Wherever the string "every" occurs in a line of these records, report that line.

+ + + +

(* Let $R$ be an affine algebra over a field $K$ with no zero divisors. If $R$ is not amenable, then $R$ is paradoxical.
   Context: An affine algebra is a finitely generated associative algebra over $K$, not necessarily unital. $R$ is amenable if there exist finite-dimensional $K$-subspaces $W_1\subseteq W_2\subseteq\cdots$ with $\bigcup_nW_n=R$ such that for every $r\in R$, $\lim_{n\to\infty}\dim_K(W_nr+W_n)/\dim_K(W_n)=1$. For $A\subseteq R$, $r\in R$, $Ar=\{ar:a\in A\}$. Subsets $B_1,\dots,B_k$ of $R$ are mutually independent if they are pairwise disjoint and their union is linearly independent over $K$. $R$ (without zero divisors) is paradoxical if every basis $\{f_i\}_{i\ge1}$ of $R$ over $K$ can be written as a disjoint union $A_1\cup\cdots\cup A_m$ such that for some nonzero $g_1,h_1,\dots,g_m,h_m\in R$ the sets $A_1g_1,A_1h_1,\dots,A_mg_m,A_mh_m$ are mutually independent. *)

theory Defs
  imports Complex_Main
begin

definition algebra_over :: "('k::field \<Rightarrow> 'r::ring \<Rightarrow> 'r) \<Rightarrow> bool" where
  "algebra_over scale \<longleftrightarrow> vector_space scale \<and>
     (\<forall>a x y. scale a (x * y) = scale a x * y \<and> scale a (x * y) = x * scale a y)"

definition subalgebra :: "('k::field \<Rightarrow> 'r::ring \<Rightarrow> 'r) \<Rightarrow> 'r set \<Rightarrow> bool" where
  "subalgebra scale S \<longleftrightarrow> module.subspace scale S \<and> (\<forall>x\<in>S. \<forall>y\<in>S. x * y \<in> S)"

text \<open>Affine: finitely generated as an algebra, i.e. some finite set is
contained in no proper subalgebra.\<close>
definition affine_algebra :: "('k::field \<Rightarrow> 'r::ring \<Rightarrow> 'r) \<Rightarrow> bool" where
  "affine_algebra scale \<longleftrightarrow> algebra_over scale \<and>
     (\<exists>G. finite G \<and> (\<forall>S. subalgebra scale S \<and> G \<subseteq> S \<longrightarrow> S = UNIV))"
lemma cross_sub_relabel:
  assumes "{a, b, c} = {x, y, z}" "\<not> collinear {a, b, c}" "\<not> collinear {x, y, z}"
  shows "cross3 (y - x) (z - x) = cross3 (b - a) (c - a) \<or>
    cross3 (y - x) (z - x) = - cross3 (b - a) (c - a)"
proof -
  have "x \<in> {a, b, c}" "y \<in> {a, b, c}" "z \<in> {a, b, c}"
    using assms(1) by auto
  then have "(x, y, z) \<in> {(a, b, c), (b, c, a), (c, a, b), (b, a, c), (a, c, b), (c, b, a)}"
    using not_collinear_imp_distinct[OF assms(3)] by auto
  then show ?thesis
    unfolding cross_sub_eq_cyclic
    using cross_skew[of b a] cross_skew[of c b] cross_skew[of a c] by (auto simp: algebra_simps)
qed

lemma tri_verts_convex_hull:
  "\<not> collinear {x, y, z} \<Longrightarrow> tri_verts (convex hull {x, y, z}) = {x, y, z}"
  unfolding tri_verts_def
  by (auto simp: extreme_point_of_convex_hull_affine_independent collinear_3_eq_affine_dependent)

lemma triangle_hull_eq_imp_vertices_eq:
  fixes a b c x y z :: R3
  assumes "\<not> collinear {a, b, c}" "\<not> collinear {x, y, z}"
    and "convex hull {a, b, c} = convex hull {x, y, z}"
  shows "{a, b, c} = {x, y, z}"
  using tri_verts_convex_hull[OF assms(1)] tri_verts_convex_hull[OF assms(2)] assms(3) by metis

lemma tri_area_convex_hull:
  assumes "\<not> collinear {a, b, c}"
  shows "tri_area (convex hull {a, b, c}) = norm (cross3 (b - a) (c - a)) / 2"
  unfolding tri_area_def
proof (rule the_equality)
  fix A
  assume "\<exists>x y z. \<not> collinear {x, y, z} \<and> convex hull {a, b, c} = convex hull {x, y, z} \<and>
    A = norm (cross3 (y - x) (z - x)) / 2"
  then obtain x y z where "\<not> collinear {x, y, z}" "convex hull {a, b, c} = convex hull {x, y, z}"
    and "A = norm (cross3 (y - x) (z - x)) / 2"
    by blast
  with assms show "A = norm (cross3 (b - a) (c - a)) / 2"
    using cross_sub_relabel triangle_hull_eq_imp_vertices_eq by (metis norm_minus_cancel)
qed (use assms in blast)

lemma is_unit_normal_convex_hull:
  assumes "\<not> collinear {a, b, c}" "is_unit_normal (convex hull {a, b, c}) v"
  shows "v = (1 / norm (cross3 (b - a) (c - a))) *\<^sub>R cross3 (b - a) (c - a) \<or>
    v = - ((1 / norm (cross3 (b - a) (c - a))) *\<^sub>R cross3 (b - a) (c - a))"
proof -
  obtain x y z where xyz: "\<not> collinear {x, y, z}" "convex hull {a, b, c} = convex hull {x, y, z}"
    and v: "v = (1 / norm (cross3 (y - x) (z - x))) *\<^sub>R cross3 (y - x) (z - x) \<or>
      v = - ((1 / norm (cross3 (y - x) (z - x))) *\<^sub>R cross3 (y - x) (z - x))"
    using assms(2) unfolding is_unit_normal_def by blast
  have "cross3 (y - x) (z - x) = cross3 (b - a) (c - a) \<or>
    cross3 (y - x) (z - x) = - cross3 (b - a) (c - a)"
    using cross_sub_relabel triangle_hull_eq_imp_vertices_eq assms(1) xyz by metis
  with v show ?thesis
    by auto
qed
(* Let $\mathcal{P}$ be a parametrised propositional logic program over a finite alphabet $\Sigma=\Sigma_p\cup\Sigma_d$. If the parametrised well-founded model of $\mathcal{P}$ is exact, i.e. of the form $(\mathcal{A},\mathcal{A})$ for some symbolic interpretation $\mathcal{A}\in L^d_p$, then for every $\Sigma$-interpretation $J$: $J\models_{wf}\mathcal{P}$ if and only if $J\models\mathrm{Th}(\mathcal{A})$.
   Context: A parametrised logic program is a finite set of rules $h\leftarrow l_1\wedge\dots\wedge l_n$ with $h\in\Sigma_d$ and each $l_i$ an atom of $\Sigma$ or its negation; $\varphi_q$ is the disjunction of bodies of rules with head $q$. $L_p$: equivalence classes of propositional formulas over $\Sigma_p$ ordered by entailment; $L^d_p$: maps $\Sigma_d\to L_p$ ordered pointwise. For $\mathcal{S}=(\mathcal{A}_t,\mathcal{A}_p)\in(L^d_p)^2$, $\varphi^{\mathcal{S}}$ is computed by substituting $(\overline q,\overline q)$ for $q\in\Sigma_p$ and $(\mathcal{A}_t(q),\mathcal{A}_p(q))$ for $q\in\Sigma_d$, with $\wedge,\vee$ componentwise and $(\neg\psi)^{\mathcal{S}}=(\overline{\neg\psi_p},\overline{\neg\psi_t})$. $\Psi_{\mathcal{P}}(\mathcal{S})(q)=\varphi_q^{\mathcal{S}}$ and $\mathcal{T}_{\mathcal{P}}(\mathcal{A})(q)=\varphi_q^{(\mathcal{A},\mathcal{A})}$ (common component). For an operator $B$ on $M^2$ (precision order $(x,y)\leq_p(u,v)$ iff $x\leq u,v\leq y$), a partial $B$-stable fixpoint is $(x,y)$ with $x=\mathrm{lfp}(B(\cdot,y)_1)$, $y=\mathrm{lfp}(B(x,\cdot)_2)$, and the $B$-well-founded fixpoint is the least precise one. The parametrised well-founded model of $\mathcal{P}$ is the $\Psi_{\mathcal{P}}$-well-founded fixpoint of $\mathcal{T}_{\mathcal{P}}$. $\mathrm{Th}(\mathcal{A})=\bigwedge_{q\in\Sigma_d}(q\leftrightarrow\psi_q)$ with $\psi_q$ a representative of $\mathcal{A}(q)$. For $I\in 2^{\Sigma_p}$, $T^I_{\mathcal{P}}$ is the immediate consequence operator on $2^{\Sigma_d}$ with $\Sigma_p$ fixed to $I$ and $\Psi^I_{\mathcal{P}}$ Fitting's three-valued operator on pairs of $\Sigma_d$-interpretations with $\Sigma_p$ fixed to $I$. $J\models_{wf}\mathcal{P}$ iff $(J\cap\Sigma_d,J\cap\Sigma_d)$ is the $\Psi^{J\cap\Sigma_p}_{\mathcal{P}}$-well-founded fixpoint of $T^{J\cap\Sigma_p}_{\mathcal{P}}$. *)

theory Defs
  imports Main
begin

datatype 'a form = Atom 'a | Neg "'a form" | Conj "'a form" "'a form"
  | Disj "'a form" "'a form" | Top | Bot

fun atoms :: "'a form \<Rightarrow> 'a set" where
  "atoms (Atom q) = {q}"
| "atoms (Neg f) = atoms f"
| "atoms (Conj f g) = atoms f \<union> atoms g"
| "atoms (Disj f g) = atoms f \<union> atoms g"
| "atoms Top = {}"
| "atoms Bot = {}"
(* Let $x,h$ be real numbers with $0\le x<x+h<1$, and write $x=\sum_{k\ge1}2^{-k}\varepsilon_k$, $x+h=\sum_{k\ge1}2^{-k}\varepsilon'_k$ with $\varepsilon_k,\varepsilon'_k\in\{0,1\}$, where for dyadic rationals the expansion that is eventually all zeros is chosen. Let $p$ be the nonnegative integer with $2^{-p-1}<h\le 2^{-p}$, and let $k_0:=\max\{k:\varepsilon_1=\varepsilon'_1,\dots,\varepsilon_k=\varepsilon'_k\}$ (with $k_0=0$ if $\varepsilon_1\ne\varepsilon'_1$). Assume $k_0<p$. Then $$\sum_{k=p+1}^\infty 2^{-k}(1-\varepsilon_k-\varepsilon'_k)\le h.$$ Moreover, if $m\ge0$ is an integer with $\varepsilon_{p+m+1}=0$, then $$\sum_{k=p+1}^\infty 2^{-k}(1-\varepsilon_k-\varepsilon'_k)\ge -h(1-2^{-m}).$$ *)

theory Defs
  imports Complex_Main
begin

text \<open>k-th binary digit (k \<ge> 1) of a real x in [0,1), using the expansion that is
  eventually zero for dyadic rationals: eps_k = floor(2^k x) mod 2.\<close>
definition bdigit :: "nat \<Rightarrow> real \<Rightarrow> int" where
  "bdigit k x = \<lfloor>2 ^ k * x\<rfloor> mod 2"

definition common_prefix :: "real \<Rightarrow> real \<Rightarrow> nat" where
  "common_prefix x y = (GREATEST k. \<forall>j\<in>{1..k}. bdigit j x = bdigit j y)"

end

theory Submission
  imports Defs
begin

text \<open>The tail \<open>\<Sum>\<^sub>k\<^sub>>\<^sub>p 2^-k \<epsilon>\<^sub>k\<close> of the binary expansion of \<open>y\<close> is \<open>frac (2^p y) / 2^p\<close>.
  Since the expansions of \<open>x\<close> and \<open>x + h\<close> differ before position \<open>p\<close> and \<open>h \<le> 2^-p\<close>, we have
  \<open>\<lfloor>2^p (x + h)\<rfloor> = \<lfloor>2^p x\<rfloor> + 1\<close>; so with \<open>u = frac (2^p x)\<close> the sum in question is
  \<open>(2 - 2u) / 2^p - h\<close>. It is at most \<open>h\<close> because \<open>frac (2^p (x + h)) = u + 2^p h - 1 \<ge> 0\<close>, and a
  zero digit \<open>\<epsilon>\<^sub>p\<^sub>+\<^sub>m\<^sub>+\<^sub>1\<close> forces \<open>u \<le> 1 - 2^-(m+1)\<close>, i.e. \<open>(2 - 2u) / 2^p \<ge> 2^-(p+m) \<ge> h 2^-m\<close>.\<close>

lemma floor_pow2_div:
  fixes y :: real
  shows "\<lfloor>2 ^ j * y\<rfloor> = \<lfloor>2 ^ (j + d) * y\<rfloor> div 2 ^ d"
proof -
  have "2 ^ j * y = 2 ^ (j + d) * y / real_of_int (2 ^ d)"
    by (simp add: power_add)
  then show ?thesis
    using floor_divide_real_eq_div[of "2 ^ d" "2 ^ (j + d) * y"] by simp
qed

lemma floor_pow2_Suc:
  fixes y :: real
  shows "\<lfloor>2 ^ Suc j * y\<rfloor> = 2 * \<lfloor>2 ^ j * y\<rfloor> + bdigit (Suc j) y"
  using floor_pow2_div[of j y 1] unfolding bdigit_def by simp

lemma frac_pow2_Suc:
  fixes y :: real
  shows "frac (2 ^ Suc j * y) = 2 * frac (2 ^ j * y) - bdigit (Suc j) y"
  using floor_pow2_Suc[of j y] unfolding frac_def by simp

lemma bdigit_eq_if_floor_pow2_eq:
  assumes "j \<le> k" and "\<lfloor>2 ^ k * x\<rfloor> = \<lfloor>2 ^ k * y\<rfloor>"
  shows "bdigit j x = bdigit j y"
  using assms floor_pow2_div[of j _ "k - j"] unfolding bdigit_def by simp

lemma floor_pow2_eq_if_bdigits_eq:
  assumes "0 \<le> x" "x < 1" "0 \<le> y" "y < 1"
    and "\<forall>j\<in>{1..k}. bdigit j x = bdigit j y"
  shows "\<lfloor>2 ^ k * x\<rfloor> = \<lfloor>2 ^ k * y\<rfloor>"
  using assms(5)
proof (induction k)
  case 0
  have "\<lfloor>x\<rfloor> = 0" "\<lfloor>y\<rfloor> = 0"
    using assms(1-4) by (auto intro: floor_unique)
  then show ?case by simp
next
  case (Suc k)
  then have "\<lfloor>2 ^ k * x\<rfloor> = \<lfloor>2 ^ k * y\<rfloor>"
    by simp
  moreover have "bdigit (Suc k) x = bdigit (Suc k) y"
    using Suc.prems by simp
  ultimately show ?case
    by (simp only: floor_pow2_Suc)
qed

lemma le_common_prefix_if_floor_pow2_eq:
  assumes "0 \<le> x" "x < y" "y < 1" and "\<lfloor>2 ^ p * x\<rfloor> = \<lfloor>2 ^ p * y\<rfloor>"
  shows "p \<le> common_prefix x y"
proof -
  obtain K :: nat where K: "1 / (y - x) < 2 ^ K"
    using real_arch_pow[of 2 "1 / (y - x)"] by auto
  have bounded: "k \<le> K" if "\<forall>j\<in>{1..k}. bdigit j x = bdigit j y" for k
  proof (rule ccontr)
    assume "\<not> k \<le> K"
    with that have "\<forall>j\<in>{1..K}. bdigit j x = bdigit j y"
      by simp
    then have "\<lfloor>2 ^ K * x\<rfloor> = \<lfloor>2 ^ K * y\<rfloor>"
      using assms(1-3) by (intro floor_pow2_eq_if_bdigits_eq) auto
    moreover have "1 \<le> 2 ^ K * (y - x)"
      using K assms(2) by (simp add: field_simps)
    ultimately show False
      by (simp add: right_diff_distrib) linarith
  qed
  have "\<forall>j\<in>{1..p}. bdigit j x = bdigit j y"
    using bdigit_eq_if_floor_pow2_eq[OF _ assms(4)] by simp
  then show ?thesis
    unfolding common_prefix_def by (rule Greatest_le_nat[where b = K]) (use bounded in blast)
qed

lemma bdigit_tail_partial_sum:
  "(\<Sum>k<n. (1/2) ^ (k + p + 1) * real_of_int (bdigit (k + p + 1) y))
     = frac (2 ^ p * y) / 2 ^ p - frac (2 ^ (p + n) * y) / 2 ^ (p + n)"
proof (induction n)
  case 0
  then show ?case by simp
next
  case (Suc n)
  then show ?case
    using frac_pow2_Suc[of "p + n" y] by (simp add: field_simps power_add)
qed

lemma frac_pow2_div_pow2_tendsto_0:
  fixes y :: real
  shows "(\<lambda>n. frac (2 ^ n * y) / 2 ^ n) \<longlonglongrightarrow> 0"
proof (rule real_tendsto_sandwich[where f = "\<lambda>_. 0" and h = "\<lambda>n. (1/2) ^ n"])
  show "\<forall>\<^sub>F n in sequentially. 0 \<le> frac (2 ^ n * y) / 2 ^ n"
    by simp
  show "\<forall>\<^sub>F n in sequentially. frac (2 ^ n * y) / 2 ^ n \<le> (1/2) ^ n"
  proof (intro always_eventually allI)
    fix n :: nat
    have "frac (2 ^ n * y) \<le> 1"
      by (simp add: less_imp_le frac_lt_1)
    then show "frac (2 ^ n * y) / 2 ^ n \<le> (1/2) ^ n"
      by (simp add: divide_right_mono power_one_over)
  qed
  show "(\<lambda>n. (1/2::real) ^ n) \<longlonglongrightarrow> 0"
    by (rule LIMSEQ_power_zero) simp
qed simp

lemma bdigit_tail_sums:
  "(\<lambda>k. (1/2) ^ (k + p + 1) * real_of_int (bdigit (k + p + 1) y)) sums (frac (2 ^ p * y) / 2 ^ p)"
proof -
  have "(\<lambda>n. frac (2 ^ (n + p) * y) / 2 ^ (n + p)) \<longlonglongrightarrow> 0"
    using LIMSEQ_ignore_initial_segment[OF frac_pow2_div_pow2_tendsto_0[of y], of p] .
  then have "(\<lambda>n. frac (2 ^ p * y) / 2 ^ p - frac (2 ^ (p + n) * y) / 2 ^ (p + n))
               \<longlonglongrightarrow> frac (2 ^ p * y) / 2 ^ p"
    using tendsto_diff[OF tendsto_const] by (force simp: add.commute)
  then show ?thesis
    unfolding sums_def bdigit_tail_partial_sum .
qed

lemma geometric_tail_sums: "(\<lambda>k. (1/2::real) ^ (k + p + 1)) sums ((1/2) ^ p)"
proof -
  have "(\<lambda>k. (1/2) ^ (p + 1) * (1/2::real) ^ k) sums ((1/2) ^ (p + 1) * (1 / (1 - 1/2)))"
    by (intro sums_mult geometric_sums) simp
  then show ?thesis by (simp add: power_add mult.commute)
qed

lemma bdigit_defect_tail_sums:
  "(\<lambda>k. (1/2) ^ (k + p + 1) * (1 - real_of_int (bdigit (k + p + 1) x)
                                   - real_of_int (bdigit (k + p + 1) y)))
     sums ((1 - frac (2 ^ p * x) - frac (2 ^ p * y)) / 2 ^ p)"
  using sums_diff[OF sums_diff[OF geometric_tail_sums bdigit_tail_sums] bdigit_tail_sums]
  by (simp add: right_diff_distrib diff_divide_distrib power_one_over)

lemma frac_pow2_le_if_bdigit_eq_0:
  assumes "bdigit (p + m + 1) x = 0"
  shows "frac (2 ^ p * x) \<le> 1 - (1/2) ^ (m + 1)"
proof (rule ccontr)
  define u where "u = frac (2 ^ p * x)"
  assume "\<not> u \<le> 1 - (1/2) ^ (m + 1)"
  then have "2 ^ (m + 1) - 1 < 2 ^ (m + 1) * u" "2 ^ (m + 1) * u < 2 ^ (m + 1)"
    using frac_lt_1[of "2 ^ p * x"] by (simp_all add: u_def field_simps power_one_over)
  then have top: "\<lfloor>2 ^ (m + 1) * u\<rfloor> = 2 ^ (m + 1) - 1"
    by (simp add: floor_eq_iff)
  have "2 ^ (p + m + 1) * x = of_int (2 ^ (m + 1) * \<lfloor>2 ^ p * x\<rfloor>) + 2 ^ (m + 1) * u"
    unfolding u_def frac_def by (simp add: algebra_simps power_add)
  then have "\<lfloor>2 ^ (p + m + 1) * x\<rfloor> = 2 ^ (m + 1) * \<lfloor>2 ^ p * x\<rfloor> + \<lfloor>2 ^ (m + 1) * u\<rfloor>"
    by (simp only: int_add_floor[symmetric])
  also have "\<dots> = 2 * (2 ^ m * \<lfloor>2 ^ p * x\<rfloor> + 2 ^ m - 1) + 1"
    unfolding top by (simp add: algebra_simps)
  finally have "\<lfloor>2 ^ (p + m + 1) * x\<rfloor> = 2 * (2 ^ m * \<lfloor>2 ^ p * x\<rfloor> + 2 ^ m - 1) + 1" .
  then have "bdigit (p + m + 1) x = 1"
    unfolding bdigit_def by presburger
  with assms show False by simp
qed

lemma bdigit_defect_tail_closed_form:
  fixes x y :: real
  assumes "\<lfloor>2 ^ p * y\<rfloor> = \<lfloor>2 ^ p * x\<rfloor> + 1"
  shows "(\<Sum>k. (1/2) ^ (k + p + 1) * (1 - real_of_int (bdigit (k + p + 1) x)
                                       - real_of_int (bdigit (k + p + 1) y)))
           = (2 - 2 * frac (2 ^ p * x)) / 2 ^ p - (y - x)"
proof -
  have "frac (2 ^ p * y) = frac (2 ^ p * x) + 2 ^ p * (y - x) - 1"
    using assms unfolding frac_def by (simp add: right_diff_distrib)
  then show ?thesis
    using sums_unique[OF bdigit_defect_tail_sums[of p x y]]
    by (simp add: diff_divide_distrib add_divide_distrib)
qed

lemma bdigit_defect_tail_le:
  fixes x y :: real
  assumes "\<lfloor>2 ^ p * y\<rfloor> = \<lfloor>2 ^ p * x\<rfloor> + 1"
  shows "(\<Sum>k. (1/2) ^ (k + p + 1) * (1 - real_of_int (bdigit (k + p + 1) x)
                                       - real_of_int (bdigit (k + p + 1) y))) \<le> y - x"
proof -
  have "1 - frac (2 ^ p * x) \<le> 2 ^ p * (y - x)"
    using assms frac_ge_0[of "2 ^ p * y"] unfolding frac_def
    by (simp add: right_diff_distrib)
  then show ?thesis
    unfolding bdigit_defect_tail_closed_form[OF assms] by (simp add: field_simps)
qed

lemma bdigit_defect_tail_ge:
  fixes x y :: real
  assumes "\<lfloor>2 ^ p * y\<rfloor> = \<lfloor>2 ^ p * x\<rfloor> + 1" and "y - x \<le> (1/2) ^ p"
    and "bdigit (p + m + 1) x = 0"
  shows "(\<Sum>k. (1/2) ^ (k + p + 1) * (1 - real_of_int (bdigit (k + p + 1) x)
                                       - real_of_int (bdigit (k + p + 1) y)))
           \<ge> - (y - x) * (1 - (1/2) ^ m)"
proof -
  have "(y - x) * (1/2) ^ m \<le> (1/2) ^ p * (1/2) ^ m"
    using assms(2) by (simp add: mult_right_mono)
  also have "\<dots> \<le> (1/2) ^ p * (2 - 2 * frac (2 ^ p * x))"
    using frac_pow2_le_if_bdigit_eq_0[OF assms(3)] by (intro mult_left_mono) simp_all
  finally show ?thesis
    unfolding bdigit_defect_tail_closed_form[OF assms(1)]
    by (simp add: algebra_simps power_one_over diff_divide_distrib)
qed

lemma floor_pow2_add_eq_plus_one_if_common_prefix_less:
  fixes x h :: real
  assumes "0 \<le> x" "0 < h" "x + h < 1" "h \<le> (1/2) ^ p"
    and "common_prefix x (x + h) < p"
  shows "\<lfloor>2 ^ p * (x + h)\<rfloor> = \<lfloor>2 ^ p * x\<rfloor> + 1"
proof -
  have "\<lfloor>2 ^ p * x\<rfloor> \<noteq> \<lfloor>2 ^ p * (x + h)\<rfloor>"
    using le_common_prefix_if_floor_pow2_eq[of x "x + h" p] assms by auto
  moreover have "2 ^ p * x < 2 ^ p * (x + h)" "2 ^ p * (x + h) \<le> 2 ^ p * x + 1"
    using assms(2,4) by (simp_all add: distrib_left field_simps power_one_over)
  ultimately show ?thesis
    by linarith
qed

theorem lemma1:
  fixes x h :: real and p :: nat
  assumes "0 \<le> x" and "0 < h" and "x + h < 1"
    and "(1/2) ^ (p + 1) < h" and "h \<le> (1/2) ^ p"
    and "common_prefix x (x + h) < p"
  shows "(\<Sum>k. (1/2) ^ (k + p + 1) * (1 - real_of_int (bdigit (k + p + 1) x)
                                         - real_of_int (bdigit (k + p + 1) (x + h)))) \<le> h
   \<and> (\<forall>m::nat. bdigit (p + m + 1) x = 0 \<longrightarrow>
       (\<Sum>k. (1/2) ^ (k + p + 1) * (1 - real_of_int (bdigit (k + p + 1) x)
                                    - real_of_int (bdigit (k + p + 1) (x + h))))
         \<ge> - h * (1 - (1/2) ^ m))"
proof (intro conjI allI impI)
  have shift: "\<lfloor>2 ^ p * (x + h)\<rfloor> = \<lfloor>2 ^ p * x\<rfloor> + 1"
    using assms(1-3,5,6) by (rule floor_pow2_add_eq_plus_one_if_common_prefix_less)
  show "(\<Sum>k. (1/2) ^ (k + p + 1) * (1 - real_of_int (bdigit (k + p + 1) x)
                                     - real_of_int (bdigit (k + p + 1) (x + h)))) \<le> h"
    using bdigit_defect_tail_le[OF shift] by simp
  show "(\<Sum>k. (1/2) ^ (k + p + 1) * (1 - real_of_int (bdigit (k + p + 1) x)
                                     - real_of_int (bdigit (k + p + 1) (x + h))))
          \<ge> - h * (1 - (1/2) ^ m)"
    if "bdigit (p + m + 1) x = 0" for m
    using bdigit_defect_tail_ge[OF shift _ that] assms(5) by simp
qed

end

+ + + +

> [Solution for this task]
   Context: An affine algebra is a finitely generated associative algebra over $K$, not necessarily unital. $R$ is amenable if there exist finite-dimensional $K$-subspaces $W_1\subseteq W_2\subseteq\cdots$ with $\bigcup_nW_n=R$ such that for every $r\in R$, $\lim_{n\to\infty}\dim_K(W_nr+W_n)/\dim_K(W_n)=1$. For $A\subseteq R$, $r\in R$, $Ar=\{ar:a\in A\}$. Subsets $B_1,\dots,B_k$ of $R$ are mutually independent if they are pairwise disjoint and their union is linearly independent over $K$. $R$ (without zero divisors) is paradoxical if every basis $\{f_i\}_{i\ge1}$ of $R$ over $K$ can be written as a disjoint union $A_1\cup\cdots\cup A_m$ such that for some nonzero $g_1,h_1,\dots,g_m,h_m\in R$ the sets $A_1g_1,A_1h_1,\dots,A_mg_m,A_mh_m$ are mutually independent. *)
(* Let $\mathcal{P}$ be a parametrised propositional logic program over a finite alphabet $\Sigma=\Sigma_p\cup\Sigma_d$. If the parametrised well-founded model of $\mathcal{P}$ is exact, i.e. of the form $(\mathcal{A},\mathcal{A})$ for some symbolic interpretation $\mathcal{A}\in L^d_p$, then for every $\Sigma$-interpretation $J$: $J\models_{wf}\mathcal{P}$ if and only if $J\models\mathrm{Th}(\mathcal{A})$.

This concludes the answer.